** GIVEN RECORDS **

lemma integral_indicator_box_eq_0:
  fixes w :: "real^'n::finite \<Rightarrow> real"
  assumes wm[measurable]: "w \<in> borel_measurable lebesgue"
    and int: "\<And>\<psi>. test_fun \<psi> \<Longrightarrow> integrable lebesgue (\<lambda>x. w x * \<psi> x)"
    and z: "\<And>\<psi>. test_fun \<psi> \<Longrightarrow> (\<integral>x. w x * \<psi> x \<partial>lebesgue) = 0"
  shows "(\<integral>x. w x * indicator (box a b) x \<partial>lebesgue) = 0"
proof -
  have "(\<lambda>n. \<integral>x. w x * bump (real (Suc n)) a b x \<partial>lebesgue)
      \<longlonglongrightarrow> (\<integral>x. w x * indicator (box a b) x \<partial>lebesgue)"
  proof (rule integral_dominated_convergence)
    show "integrable lebesgue (\<lambda>x. \<bar>w x * indicator (cbox a b) x\<bar>)"
      by (rule integrable_abs[OF integrable_indicator_cbox_if_test_integrable[OF wm int]])
    show "(\<lambda>x. w x * indicator (box a b) x) \<in> borel_measurable lebesgue"
      by (intro borel_measurable_times wm borel_measurable_indicator) simp
    show "(\<lambda>x. w x * bump (real (Suc n)) a b x) \<in> borel_measurable lebesgue" for n
      using test_funD(1)[OF test_fun_bump[of "real (Suc n)" a b]]
      by (intro borel_measurable_times wm continuous_imp_lebesgue_measurable) auto
    show "AE x in lebesgue. (\<lambda>n. w x * bump (real (Suc n)) a b x) \<longlonglongrightarrow> w x * indicator (box a b) x"
      by (intro AE_I2 tendsto_mult tendsto_const bump_tendsto_indicator)
    show "AE x in lebesgue. norm (w x * bump (real (Suc n)) a b x) \<le> \<bar>w x * indicator (cbox a b) x\<bar>" for n
    proof (rule AE_I2)
      fix x
      show "norm (w x * bump (real (Suc n)) a b x) \<le> \<bar>w x * indicator (cbox a b) x\<bar>"
      proof (cases "x \<in> box a b")
        case True
        then have "x \<in> cbox a b" using box_subset_cbox by blast
        then show ?thesis
          using bump_bounds[of "real (Suc n)" a b x] by (simp add: abs_mult mult_left_le)
      qed (simp add: bump_eq_0)
    qed
  qed
  moreover have "(\<integral>x. w x * bump (real (Suc n)) a b x \<partial>lebesgue) = 0" for n
    by (rule z[OF test_fun_bump]) simp
  ultimately show ?thesis by (simp add: LIMSEQ_const_iff)
qed
(* Let $\mathcal C$ be a parsummable category and fix an injection $\phi\colon\omega\times\omega\to\omega$. Then $S_{\mathcal C}\colon\Theta(\mathcal C)\to\mathcal C$ (described below) is a well-defined functor, and it preserves sums.
   Context: Let $\omega=\{1,2,\dots\}$, $\mathbf m=\{1,\dots,m\}$, $\mathcal M$ the monoid of injections $\omega\to\omega$. A parsummable category is a small $E\mathcal M$-category (strict action of the chaotic category on $\mathcal M$; $u_*$ the action, $[v,u]\colon u_*\Rightarrow v_*$) all of whose objects have finite support (intersection of finite $A\subset\omega$ with $u_*X=X$ for all $u$ fixing $A$ pointwise), with an object $0$ of empty support and a strictly unital, associative, commutative, equivariant sum $+$ on the full subcategory $\mathcal C\boxtimes\mathcal C$ of disjointly supported pairs. For a finite set $A$, injections $\phi,\phi'\colon A\times\omega\to\omega$ and $X_\bullet=(X_a)_{a\in A}$: $\phi_*(X_\bullet)=\sum_a\phi(a,-)_*(X_a)$, $[\phi',\phi]_{X_\bullet}=\sum_a[\phi'(a,-),\phi(a,-)]_{X_a}$. $\Sigma(\mathcal C)$ is the permutative category with objects finite sequences of objects of $\mathcal C$ (unit $\epsilon$ the empty sequence), morphisms $(X_1,\dots,X_m)\to(Y_1,\dots,Y_n)$ classes $[\psi,f,\phi]$ (injections $\phi\colon\mathbf m\times\omega\to\omega$, $\psi\colon\mathbf n\times\omega\to\omega$, $f\colon\phi_*(X_\bullet)\to\psi_*(Y_\bullet)$) modulo $(\psi,f,\phi)\sim(\psi',[\psi',\psi]f[\phi,\phi'],\phi')$; every morphism has a unique representative with prescribed $\phi,\psi$; composition $[\rho,g,\theta][\psi,f,\phi]=[\rho,g[\theta,\psi]f,\phi]$; tensor product concatenation on objects and $[\psi,f,\phi]\otimes[\rho,g,\theta]=[\psi+\rho,f+g,\phi+\theta]$ for representatives with disjoint images ($(\phi+\theta)(i,x)=\phi(i,x)$ for $i\le m$, $\theta(i-m,x)$ otherwise); symmetry $[\bar\phi,\mathrm{id},\phi]$ with $\bar\phi(i,x)=\phi(i+m,x)$ for $i\le n$, $\phi(i-n,x)$ otherwise. For a small permutative category $\mathscr P$, $\Phi(\mathscr P)$ is the parsummable category with objects sequences $P=(P_1,P_2,\dots)$ with $P_i=\mathbf 1$ for almost all $i$, morphisms $P\to Q$ the morphisms $\bigotimes_{i\in\omega}P_i\to\bigotimes_{i\in\omega}Q_i$ in $\mathscr P$ (ordered tensor of non-unit entries), support $\{i:P_i\ne\mathbf1\}$, sum of disjointly supported objects by merging entries, and sum of morphisms $f+g$ given by $f\otimes g$ conjugated with the coherence isomorphisms associated to the tautological bijections $\mathrm{supp}(P)\amalg\mathrm{supp}(P')\to\mathrm{supp}(P)\cup\mathrm{supp}(P')$ (the disjoint union ordered with the first summand before the second). $\Theta(\mathcal C)$ is the full parsummable subcategory of $\Phi\Sigma(\mathcal C)$ on sequences each of whose entries is $\epsilon$ or a $1$-tuple. For finite $A\subset\omega$ and $X_\bullet=(X_a)_{a\in A}$ in $\mathcal C$, $\langle A,X_\bullet\rangle\in\Theta(\mathcal C)$ has $i$-th entry $(X_i)$ for $i\in A$ and $\epsilon$ otherwise; every object is uniquely of this form, $\mathrm{supp}\langle A,X_\bullet\rangle=A$, and $\langle A,X_\bullet\rangle+\langle B,Y_\bullet\rangle=\langle A\cup B,X_\bullet+Y_\bullet\rangle$ for $A\cap B=\varnothing$. Let $\kappa_A\colon\{1,\dots,|A|\}\to A$ be the order-preserving bijection and $\kappa_A^*X_\bullet=(X_{\kappa_A(1)},\dots,X_{\kappa_A(|A|)})$; a morphism $\langle A,X_\bullet\rangle\to\langle B,Y_\bullet\rangle$ in $\Theta(\mathcal C)$ is a morphism $\kappa_A^*X_\bullet\to\kappa_B^*Y_\bullet$ in $\Sigma(\mathcal C)$. $S_{\mathcal C}$: on objects $S_{\mathcal C}\langle A,X_\bullet\rangle=(\phi|_A)_*(X_\bullet)$, where $\phi|_A$ is the restriction of $\phi$ to $A\times\omega$; a morphism $\alpha\colon\langle A,X_\bullet\rangle\to\langle B,Y_\bullet\rangle$ has a unique representative of the form $(\phi|_B\circ(\kappa_B\times\mathrm{id}),f,\phi|_A\circ(\kappa_A\times\mathrm{id}))$ and $S_{\mathcal C}(\alpha)=f$. A functor $G$ between parsummable categories preserves sums if $G(0)=0$, $G\times G$ maps disjointly supported pairs to disjointly supported pairs, and $G$ commutes with $+$ on objects and morphisms. *)

theory Defs
  imports Main "HOL-Library.Nat_Bijection"
begin
(* Let $g:\mathbb{R}^N\to\mathbb{R}\cup\{+\infty\}$ be proper and lower semi-continuous, and let $f:\mathbb{R}^N\to\mathbb{R}$ be continuously differentiable such that, for some $\mathbf{L}\in\mathbb{S}_{++}(N)$, the gradient of $f\circ\mathbf{L}^{-1/2}$ is $1$-Lipschitz continuous; assume $f+g$ is bounded from below. Suppose moreover that $f(x)=\frac12\langle x,\mathbf{H}x\rangle+\langle b,x\rangle+c$ with $\mathbf{H}\in\mathbb{S}_{++}(N)$, $b\in\mathbb{R}^N$, $c\in\mathbb{R}$. Let $x_k\in\mathbb{R}^N$, let $\mathbf{D}\in\mathbb{R}^{N\times R}$ have linearly independent columns, and for $\boldsymbol\beta\in\mathbb{R}^R$ put $y^{(\boldsymbol\beta)}:=x_k+\mathbf{D}\boldsymbol\beta$. Let $\mathbf{T}\in\mathbb{S}_{++}(N)$ be such that $\mathbf{M}:=\mathbf{T}-\mathbf{H}\in\mathbb{S}_{++}(N)$, and consider the problem $$\min_{x\in\mathbb{R}^N}\min_{\boldsymbol\beta\in\mathbb{R}^R}\ \ell(x;y^{(\boldsymbol\beta)})+\tfrac12\|x-y^{(\boldsymbol\beta)}\|_{\mathbf{T}}^2,\qquad \ell(x;y):=g(x)+f(y)+\langle\nabla f(y),x-y\rangle. \quad (\ast)$$ Then, for each fixed $x$, the inner minimization over $\boldsymbol\beta$ is solved by $$\boldsymbol\beta^*=(\mathbf{D}^\top\mathbf{M}\mathbf{D})^{-1}\mathbf{D}^\top\mathbf{M}(x-x_k).$$ Moreover, problem $(\ast)$ is equivalent to $$x_{k+1}\in\operatorname*{argmin}_{x\in\mathbb{R}^N}\ g(x)+\tfrac12\big\|x-x_k+\mathbf{Q}^{-1}\nabla f(x_k)\big\|_{\mathbf{Q}}^2,$$ (i.e. the $x$-components of minimizers of $(\ast)$ are exactly the minimizers of this problem), where $$\mathbf{Q}:=\mathbf{T}-\mathbf{U}^\top\mathbf{U}\in\mathbb{S}_{++}(N),\qquad \mathbf{U}:=(\mathbf{D}^\top\mathbf{M}\mathbf{D})^{-1/2}\mathbf{D}^\top\mathbf{M},$$ $\mathbf{U}^\top\mathbf{U}$ has rank $R$, and $$\mathbf{Q}^{-1}=\mathbf{T}^{-1}+\mathbf{T}^{-1}\mathbf{U}^\top(\mathbf{I}-\mathbf{U}\mathbf{T}^{-1}\mathbf{U}^\top)^{-1}\mathbf{U}\mathbf{T}^{-1}.$$
   Context: $\mathbb{S}_{+}(N)$ (resp. $\mathbb{S}_{++}(N)$) denotes the set of symmetric positive semi-definite (resp. positive definite) $N\times N$ real matrices. For a matrix $\mathbf{V}$, $\|x\|_{\mathbf{V}}^2:=\langle x,\mathbf{V}x\rangle$ and $\langle x,y\rangle_{\mathbf{V}}:=\langle x,\mathbf{V}y\rangle$, with $\langle\cdot,\cdot\rangle$ the standard Euclidean inner product. $\mathbf{I}$ is the identity matrix. *)

theory Defs
  imports "HOL-Analysis.Analysis"
begin
(* Let $Z$ be a standard normal random variable. Then the distribution of $\ln|Z|$ is infinitely divisible. More specifically, if $E_0,E_1,E_2,\dots$ are independent identically distributed standard exponential random variables (i.e. $\mathbb P(E_j>x)=e^{-x}$ for $x\ge 0$) and $\tilde E_j:=E_j-1$, then the series below converge almost surely and $$\ln|Z|\overset{D}{=}\frac{\ln 2}{2}-E_0-\sum_{j=1}^\infty\Big[\frac{E_j}{2j+1}-\frac12\ln\Big(1+\frac1j\Big)\Big] = -\frac{\gamma+\ln 2}{2}-\tilde E_0-\sum_{j=1}^\infty\frac{\tilde E_j}{2j+1},$$ where $\gamma$ is Euler's constant.
   Context: $\overset{D}{=}$ denotes equality in distribution. The distribution of $\ln|Z|$ for standard normal $Z$ is called the exp-normal distribution. *)

theory Defs
  imports "HOL-Probability.Probability"
begin

fun conv_pow :: "real measure \<Rightarrow> nat \<Rightarrow> real measure" where
  "conv_pow \<nu> 0 = return borel 0"
| "conv_pow \<nu> (Suc n) = convolution \<nu> (conv_pow \<nu> n)"

definition infinitely_divisible :: "real measure \<Rightarrow> bool" where
  "infinitely_divisible \<mu> \<longleftrightarrow>
     (\<forall>n::nat. n \<ge> 1 \<longrightarrow>
        (\<exists>\<nu>. prob_space \<nu> \<and> sets \<nu> = sets borel \<and> \<mu> = conv_pow \<nu> n))"

end

theory Submission
  imports Defs "HOL-Real_Asymp.Real_Asymp"
begin

text \<open>
  The characteristic function of \<open>ln \<bar>Z\<bar>\<close> is \<open>\<phi>(t) = 2\<^bsup>it/2\<^esup> \<Gamma>((1 + it)/2) / \<surd>\<pi>\<close>.
  Gauss's product formula for \<open>\<Gamma>\<close> writes \<open>\<phi>(t)\<close> as the limit of
  \<open>exp (it (ln 2 + ln (n + 1)) / 2) \<Prod>\<^sub>k\<^sub>\<le>\<^sub>n (1 + it/(2k + 1))\<^sup>-\<^sup>1\<close>, and this is exactly the
  characteristic function of the partial sums of the series, because \<open>E\<^sub>k\<close> has characteristic
  function \<open>1/(1 - is)\<close>. The series converges almost surely (its variance is finite, and
  positivity of the \<open>E\<^sub>k\<close> controls the partial sums between the sparse indices \<open>i\<^sup>6\<close>), so by
  dominated convergence its law has characteristic function \<open>\<phi>\<close>, and Levy's uniqueness
  theorem identifies the two laws. Replacing the \<open>E\<^sub>k\<close> by independent Gamma variables of shape
  \<open>1/n\<close>, whose \<open>n\<close>-fold convolution is the exponential law, the same series produces an
  \<open>n\<close>-th convolution root of the law of \<open>ln \<bar>Z\<bar>\<close>.
\<close>

section \<open>Almost sure convergence of weighted centered series\<close>

lemma summable_inverse_square: "summable (\<lambda>i::nat. 1 / real i ^ 2)"
  using inverse_power_summable[of 2, where 'a=real] by (simp add: field_simps)

lemma summable_if_summable_power4_mult_square:
  fixes f :: "nat \<Rightarrow> real"
  assumes "summable (\<lambda>i. real i ^ 4 * (f i)\<^sup>2)"
  shows "summable f"
proof (rule summable_comparison_test_ev[OF _ summable_inverse_square])
  have "eventually (\<lambda>i. real i ^ 4 * (f i)\<^sup>2 < 1) at_top"
    using summable_LIMSEQ_zero[OF assms] by (rule order_tendstoD) simp
  then show "eventually (\<lambda>i. norm (f i) \<le> 1 / real i ^ 2) at_top"
    using eventually_ge_at_top[of "1::nat"]
  proof eventually_elim
    case (elim i)
    have "(real i ^ 2 * \<bar>f i\<bar>)\<^sup>2 < 1\<^sup>2"
      using elim(1) by (simp add: power_mult_distrib power2_abs flip: power_mult)
    then have "real i ^ 2 * \<bar>f i\<bar> < 1"
      by (rule power_less_imp_less_base) simp
    then show ?case using elim(2) by (simp add: field_simps)
  qed
qed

** AIM OF THE TASK **
Return every line of the preceding records in which the word "lambda" appears.

** ANSWER BELOW **
    and int: "\<And>\<psi>. test_fun \<psi> \<Longrightarrow> integrable lebesgue (\<lambda>x. w x * \<psi> x)"
  have "(\<lambda>n. \<integral>x. w x * bump (real (Suc n)) a b x \<partial>lebesgue)
    show "integrable lebesgue (\<lambda>x. \<bar>w x * indicator (cbox a b) x\<bar>)"
    show "(\<lambda>x. w x * indicator (box a b) x) \<in> borel_measurable lebesgue"
    show "(\<lambda>x. w x * bump (real (Suc n)) a b x) \<in> borel_measurable lebesgue" for n
    show "AE x in lebesgue. (\<lambda>n. w x * bump (real (Suc n)) a b x) \<longlonglongrightarrow> w x * indicator (box a b) x"
lemma summable_inverse_square: "summable (\<lambda>i::nat. 1 / real i ^ 2)"
  assumes "summable (\<lambda>i. real i ^ 4 * (f i)\<^sup>2)"
  have "eventually (\<lambda>i. real i ^ 4 * (f i)\<^sup>2 < 1) at_top"
  then show "eventually (\<lambda>i. norm (f i) \<le> 1 / real i ^ 2) at_top"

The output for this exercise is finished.